The upside here is obvious, as he’s got one of the loudest bats at any level. The swing and miss stuff, though, is something he’ll have to completely overhaul as he moves up the ladder, though getting out of the extremely pitcher-friendly confines of the FSL will perhaps help that some.
Steele Hall, SS (18 years old)
2025 at a glance: Drafted 9th overall in the 1st round of the 2025 MLB Draft by the Cincinnati Reds out of Hewitt-Trussville HS (AL); 2025 Mr. Baseball in the state of Alabama, once committed to powerhouse University of Tennessee before signing with the Reds for $5.75 million
Pros: Speed, and plenty of it; projectable power and potential five-tool player whose defense and arm look like they’ll play plenty well at short; just 17 years old when drafted after reclassifying a year early
Cons: It’s all still ‘projectable’ as, again, he just turned 18 after the draft and has zero professional PA to show for it
Hall reclassified to the class of 2025 despite originally being part of the class of 2026, and the Reds – who’d been scouting him already – thought he had the talent to eventually mature into a player who’d be in the mix for the #1 overall pick in 2026. So, when he was there at pick #9 in 2025, they jumped at the chance to sign him, knowing full well there was no rush for his development.

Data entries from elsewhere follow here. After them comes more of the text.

lemma tail_nodes_tendsto:
  assumes "j \<le> K" "K \<le> 4"
  shows "((\<lambda>\<epsilon>. tail_nodes K \<epsilon> j) \<longlongrightarrow> real (K - j)) (at_right 0)"
proof -
  consider "K \<le> j" | "j + 1 = K" | "K - j = 2" | "K - j = 3" | "K - j = 4"
    using assms by linarith
  then show ?thesis
  proof cases
    case 1
    have "eventually (\<lambda>\<epsilon>. tail_nodes K \<epsilon> j = real (K - j)) (at_right 0)"
      using eventually_at_right_less[of "0::real"]
      by (rule eventually_mono) (use 1 in \<open>simp add: tail_nodes_last\<close>)
    then show ?thesis
      by (rule tendsto_eventually)
  next
    case 2
    have "eventually (\<lambda>\<epsilon>. tail_nodes K \<epsilon> j = real (K - j)) (at_right 0)"
      using eventually_at_right_less[of "0::real"]
      by (rule eventually_mono) (use 2 in \<open>simp add: tail_nodes_before_last\<close>)
    then show ?thesis
      by (rule tendsto_eventually)
  qed (simp_all add: tail_nodes_def; real_asymp)+
qed

lemma tail_nodes_nonneg:
  assumes "j \<le> K" "K \<le> 4"
  shows "eventually (\<lambda>\<epsilon>. 0 \<le> tail_nodes K \<epsilon> j) (at_right 0)"
proof (cases "K \<le> j")
  case True
  show ?thesis
    using eventually_at_right_less[of "0::real"]
    by (rule eventually_mono) (use True in \<open>simp add: tail_nodes_last\<close>)
next
  case False
  then have "0 < real (K - j)"
    by simp
  from order_tendstoD(1)[OF tail_nodes_tendsto[OF assms] this] show ?thesis
    by eventually_elim simp
qed

lemma tendsto_ccoef_v:
  fixes w :: "'a \<Rightarrow> nat \<Rightarrow> real"
  assumes lim: "\<And>j. j \<le> k \<Longrightarrow> ((\<lambda>x. w x j) \<longlongrightarrow> w0 j) F"
    and nonneg: "\<And>j. j \<le> k \<Longrightarrow> eventually (\<lambda>x. 0 \<le> w x j) F"
    and inj: "inj_on w0 {..k}" and b: "0 < b" and i: "1 \<le> i" "i \<le> k"
  shows "((\<lambda>x. ccoef_v b (w x) i k) \<longlongrightarrow> ccoef_v b w0 i k) F"
proof -
  have distinct: "w0 j' - w0 j \<noteq> 0" if "j' < j" "j \<le> k" for j j'
    using inj_onD[OF inj, of j' j] that by auto
  have a: "((\<lambda>x. acoef_v b (w x) j) \<longlongrightarrow> acoef_v b w0 j) F" if "j \<le> k" for j
    unfolding acoef_v_def using that b by (intro tendsto_intros lim nonneg disjI2 conjI) auto
  have bb: "((\<lambda>x. bcoef_v b (w x) j) \<longlongrightarrow> bcoef_v b w0 j) F" if "2 \<le> j" "j \<le> k" for j
    unfolding bcoef_v_def trapezoid_defect_def using that b distinct[of "j - 2" j]
    by (intro tendsto_intros lim nonneg disjI2 conjI) auto
  have "k \<noteq> 1 \<Longrightarrow> 2 \<le> k" "i \<noteq> k \<Longrightarrow> i + 1 \<le> k"
    using i by auto
  then have num: "((\<lambda>x. ccoef_num b (w x) i k) \<longlongrightarrow> ccoef_num b w0 i k) F"
    unfolding ccoef_num_def using i
    by (cases "k = 1"; cases "i = 1"; cases "i = k") (auto intro!: tendsto_intros a bb)
  show ?thesis
    unfolding ccoef_v_def using i distinct[of "i - 1" i]
    by (intro tendsto_intros num lim) auto
qed

section \<open>Numerical inequalities\<close>

lemma power_double_le:
  fixes x c d :: real
  assumes "0 \<le> x" "x ^ n \<le> c" "c\<^sup>2 \<le> d" "m = 2 * n"
  shows "x ^ m \<le> d"
proof -
  have "x ^ m = (x ^ n)\<^sup>2"
    using assms(4) by (simp add: power_mult mult.commute)
  also have "\<dots> \<le> c\<^sup>2"
    using assms(1,2) by (intro power_mono) simp_all
  finally show ?thesis
    using assms(3) by simp
qed

lemma power_double_ge:
  fixes x c d :: real
  assumes "0 \<le> c" "c \<le> x ^ n" "d \<le> c\<^sup>2" "m = 2 * n"
  shows "d \<le> x ^ m"
proof -
  have "c\<^sup>2 \<le> (x ^ n)\<^sup>2"
    using assms(1,2) by (intro power_mono) simp_all
  also have "\<dots> = x ^ m"
    using assms(4) by (simp add: power_mult mult.commute)
  finally show ?thesis
    using assms(3) by simp
qed

lemma le_powr_of_power_le:
  fixes c x :: real
  assumes "0 \<le> c" "0 < x" "0 < n" "c ^ n \<le> x ^ m"
  shows "c \<le> x powr (real m / real n)"
proof -
  have "c = (c ^ n) powr (1 / real n)"
    using assms(1,3) by (cases "c = 0") (simp_all add: powr_realpow[symmetric] powr_powr)
  also have "\<dots> \<le> (x ^ m) powr (1 / real n)"
    using assms by (intro powr_mono2) simp_all
  also have "\<dots> = x powr (real m / real n)"
    using assms(2) by (simp add: powr_realpow[symmetric] powr_powr)
  finally show ?thesis .
qed

lemma powr_le_of_power_le:
  fixes c x :: real
  assumes "0 \<le> c" "0 < x" "0 < n" "x ^ m \<le> c ^ n"
  shows "x powr (real m / real n) \<le> c"
proof -
  have "x powr (real m / real n) = (x ^ m) powr (1 / real n)"
    using assms(2) by (simp add: powr_realpow[symmetric] powr_powr)
  also have "\<dots> \<le> (c ^ n) powr (1 / real n)"
    using assms by (intro powr_mono2) simp_all
  also have "\<dots> = c"
    using assms(1,3) by (cases "c = 0") (simp_all add: powr_realpow[symmetric] powr_powr)
  finally show ?thesis .
qed

lemma two_powr_67_107_ge: "15434601 / 10000000 \<le> (2::real) powr (67 / 107)"
proof -
  define L :: real where "L = 15434601 / 10000000"
  have L: "0 \<le> L"
    by (simp add: L_def)
  have L2: "L ^ 2 \<le> 238226908029201 / 100000000000000"
    by (simp add: L_def power2_eq_square)
  have L4: "L ^ 4 \<le> 567520597091533918819 / 100000000000000000000"
    by (rule power_double_le[OF L L2]) (simp_all add: power2_eq_square)
  have L8: "L ^ 8 \<le> 1610398140615655887581 / 50000000000000000000"
    by (rule power_double_le[OF L L4]) (simp_all add: power2_eq_square)
  have L16: "L ^ 16 \<le> 103735286851934471714401 / 100000000000000000000"
    by (rule power_double_le[OF L L8]) (simp_all add: power2_eq_square)
  have L32: "L ^ 32 \<le> 107610097382531288788969403 / 100000000000000000000"
    by (rule power_double_le[OF L L16]) (simp_all add: power2_eq_square)
  have L64: "L ^ 64 \<le> 115799330586778673305622068762741 / 100000000000000000000"
    by (rule power_double_le[OF L L32]) (simp_all add: power2_eq_square)
  have "L ^ 107 = L ^ 64 * L ^ 32 * L ^ 8 * L ^ 2 * L"
    by (simp flip: power_add power_Suc2)
  also have "\<dots> \<le> 115799330586778673305622068762741 / 100000000000000000000
      * (107610097382531288788969403 / 100000000000000000000)
      * (1610398140615655887581 / 50000000000000000000)
      * (238226908029201 / 100000000000000) * L"
    using L64 L32 L8 L2 L by (intro mult_mono) auto
  also have "\<dots> \<le> 2 ^ 67"
    by (simp add: L_def)
  finally show ?thesis
    using le_powr_of_power_le[of L 2 107 67] L by (simp add: L_def)
qed

lemma three_powr_67_107_le: "(3::real) powr (67 / 107) \<le> 4973913 / 2500000"
proof -
  define U :: real where "U = 4973913 / 2500000"
  have U: "0 \<le> U"
    by (simp add: U_def)
  have U2: "24739810531569 / 6250000000000 \<le> U ^ 2"
    by (simp add: U_def power2_eq_square)
  have U4: "391717264088276740061 / 25000000000000000000 \<le> U ^ 4"
    by (rule power_double_ge[OF _ U2]) (simp_all add: U_def power2_eq_square)
  have U8: "24550786397568758750537 / 100000000000000000000 \<le> U ^ 8"
    by (rule power_double_ge[OF _ U4]) (simp_all add: U_def power2_eq_square)
  have U16: "1506852781847617977002601 / 25000000000000000000 \<le> U ^ 16"
    by (rule power_double_ge[OF _ U8]) (simp_all add: U_def power2_eq_square)
  have U32: "22706053061619049734623829571 / 6250000000000000000 \<le> U ^ 32"
    by (rule power_double_ge[OF _ U16]) (simp_all add: U_def power2_eq_square)
  have U64: "164980750603859143028773282816714101593 / 12500000000000000000 \<le> U ^ 64"
    by (rule power_double_ge[OF _ U32]) (simp_all add: U_def power2_eq_square)
  have "3 ^ 67 \<le> 164980750603859143028773282816714101593 / 12500000000000000000
      * (22706053061619049734623829571 / 6250000000000000000)
      * (24550786397568758750537 / 100000000000000000000)
      * (24739810531569 / 6250000000000) * U"
    by (simp add: U_def)
  also have "\<dots> \<le> U ^ 64 * U ^ 32 * U ^ 8 * U ^ 2 * U"
    using U64 U32 U8 U2 U
    by (intro mult_mono) (auto simp del: zero_le_power)
  also have "\<dots> = U ^ 107"
    by (simp flip: power_add power_Suc2)
  finally show ?thesis
    using powr_le_of_power_le[of U 3 107 67] U by (simp add: U_def)
qed

lemma two_powr_le_one_plus: "0 \<le> b \<Longrightarrow> b \<le> 1 \<Longrightarrow> (2::real) powr b \<le> 1 + b"
  using convex_onD[OF exp_convex, of b 0 "ln 2"] by (simp add: powr_def)

lemma concave_pos_before_zero:
  fixes f f' f'' :: "real \<Rightarrow> real"
  assumes pq: "p < q"
    and f': "\<And>x. x \<in> {p..q} \<Longrightarrow> (f has_real_derivative f' x) (at x)"
    and f'': "\<And>x. x \<in> {p..q} \<Longrightarrow> (f' has_real_derivative f'' x) (at x)"
    and concave: "\<And>x. x \<in> {p..q} \<Longrightarrow> f'' x \<le> 0"
    and fp: "0 < f p" and fq: "f q = 0" and x: "p \<le> x" "x < q"
  shows "0 < f x"
proof -
  define t where "t = (x - p) / (q - p)"
  have "(1 - t) * p + t * q = p + t * (q - p)"
    by (simp add: algebra_simps)
  also have "t * (q - p) = x - p"
    using pq by (simp add: t_def)
  finally have t: "0 \<le> t" "t < 1" "x = (1 - t) * p + t * q"
    using pq x by (simp_all add: t_def divide_less_eq_1_pos)
  have "(1 - t) * f p + t * f q \<le> f ((1 - t) *\<^sub>R p + t *\<^sub>R q)"
    by (rule concave_onD[OF f''_le0_imp_concave[OF convex_real_interval(5) f' f'' concave]])
      (use pq t in auto)
  moreover have "0 < (1 - t) * f p"
    using t fp by simp
  ultimately show ?thesis
    using t fq by simp
qed

lemma ln_3_ge: "79 / 50 * ln (2::real) \<le> ln 3"
proof -
  have "79 * ln (2::real) = ln (2 ^ 79)"
    using ln_realpow[of 2 79] by simp
  also have "\<dots> \<le> ln (3 ^ 50)"
    by simp
  also have "\<dots> = 50 * ln 3"
    using ln_realpow[of 3 50] by simp
  finally show ?thesis
    by linarith
qed

lemma two_three_combination_concavity:
  fixes p q r s y :: real
  assumes nonneg: "0 \<le> p" "0 \<le> q" "0 \<le> r" "0 \<le> s"
    and curvature: "2 * p + (p + q) * (25 / 36)
      \<le> (2 * r + (r * (67 / 107) + s) * (79 / 75)) * (79 / 50) * (1 + 67 / 107 * (29 / 75))"
    and y: "67 / 107 \<le> y" "y \<le> 1"
  shows "(2 * p + (p * y + q) * ln 2) * (ln 2 * exp (y * ln 2))
    \<le> (2 * r + (r * y + s) * ln 3) * (ln 3 * exp (y * ln 3))"
proof -
  define l2 :: real where "l2 = ln 2"
  define l3 :: real where "l3 = ln 3"
  have l2: "2 / 3 \<le> l2" "l2 \<le> 25 / 36"
    using ln2_ge_two_thirds ln2_le_25_over_36 by (simp_all add: l2_def)
  have l3: "79 / 50 * l2 \<le> l3"
    using ln_3_ge by (simp add: l2_def l3_def)
  define c where "c = 1 + 67 / 107 * (29 / 75 :: real)"
  have "29 / 75 \<le> l3 - l2"
    using l2 l3 by linarith
  then have "67 / 107 * (29 / 75) \<le> y * (l3 - l2)"
    using y by (intro mult_mono) auto
  then have "c \<le> 1 + y * (l3 - l2)"
    by (simp add: c_def)
  also have "\<dots> \<le> exp (y * (l3 - l2))"
    by (rule exp_ge_add_one_self)
  finally have "c * exp (y * l2) \<le> exp (y * (l3 - l2)) * exp (y * l2)"
    by (intro mult_right_mono) auto
  also have "\<dots> = exp (y * l3)"
    by (simp flip: exp_add add: algebra_simps)
  finally have e3: "c * exp (y * l2) \<le> exp (y * l3)" .
  have "(p * y + q) * l2 \<le> (p + q) * (25 / 36)"
    using y l2 nonneg by (intro mult_mono) (auto simp: mult_left_le)
  then have "(2 * p + (p * y + q) * l2) * (l2 * exp (y * l2))
      \<le> (2 * p + (p + q) * (25 / 36)) * (l2 * exp (y * l2))"
    using l2 by (intro mult_right_mono) auto
  also have "\<dots> \<le> (2 * r + (r * (67 / 107) + s) * (79 / 75)) * (79 / 50) * c * (l2 * exp (y * l2))"
    using curvature l2 by (intro mult_right_mono) (auto simp: c_def)
  also have "\<dots> = (2 * r + (r * (67 / 107) + s) * (79 / 75)) * ((79 / 50 * l2) * (c * exp (y * l2)))"
    by (simp add: algebra_simps)
  also have "\<dots> \<le> (2 * r + (r * y + s) * l3) * (l3 * exp (y * l3))"
  proof (intro mult_mono)
    have "(r * (67 / 107) + s) * (79 / 75) \<le> (r * y + s) * l3"
      using y l2 l3 nonneg by (intro mult_mono add_right_mono mult_left_mono) auto
    then show "2 * r + (r * (67 / 107) + s) * (79 / 75) \<le> 2 * r + (r * y + s) * l3"
      by simp
  qed (use e3 l2 l3 nonneg y in \<open>auto simp: c_def intro!: add_nonneg_nonneg mult_nonneg_nonneg\<close>)
  finally show ?thesis
    by (simp add: l2_def l3_def)
qed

He’s drawn comparisons to the likes of Trea Turner and Dansby Swanson, which is pretty damn lofty. Despite not having played a pro game and still being just 18, he’s ranked 79th in MLB Pipeline’s list of the Top 100 overall prospects in the game. How quickly he can physically mature and adapt to breaking balls at the top levels remains to be seen, but the speed, glove, and arm all look like they’ll be big-league caliber in very short order.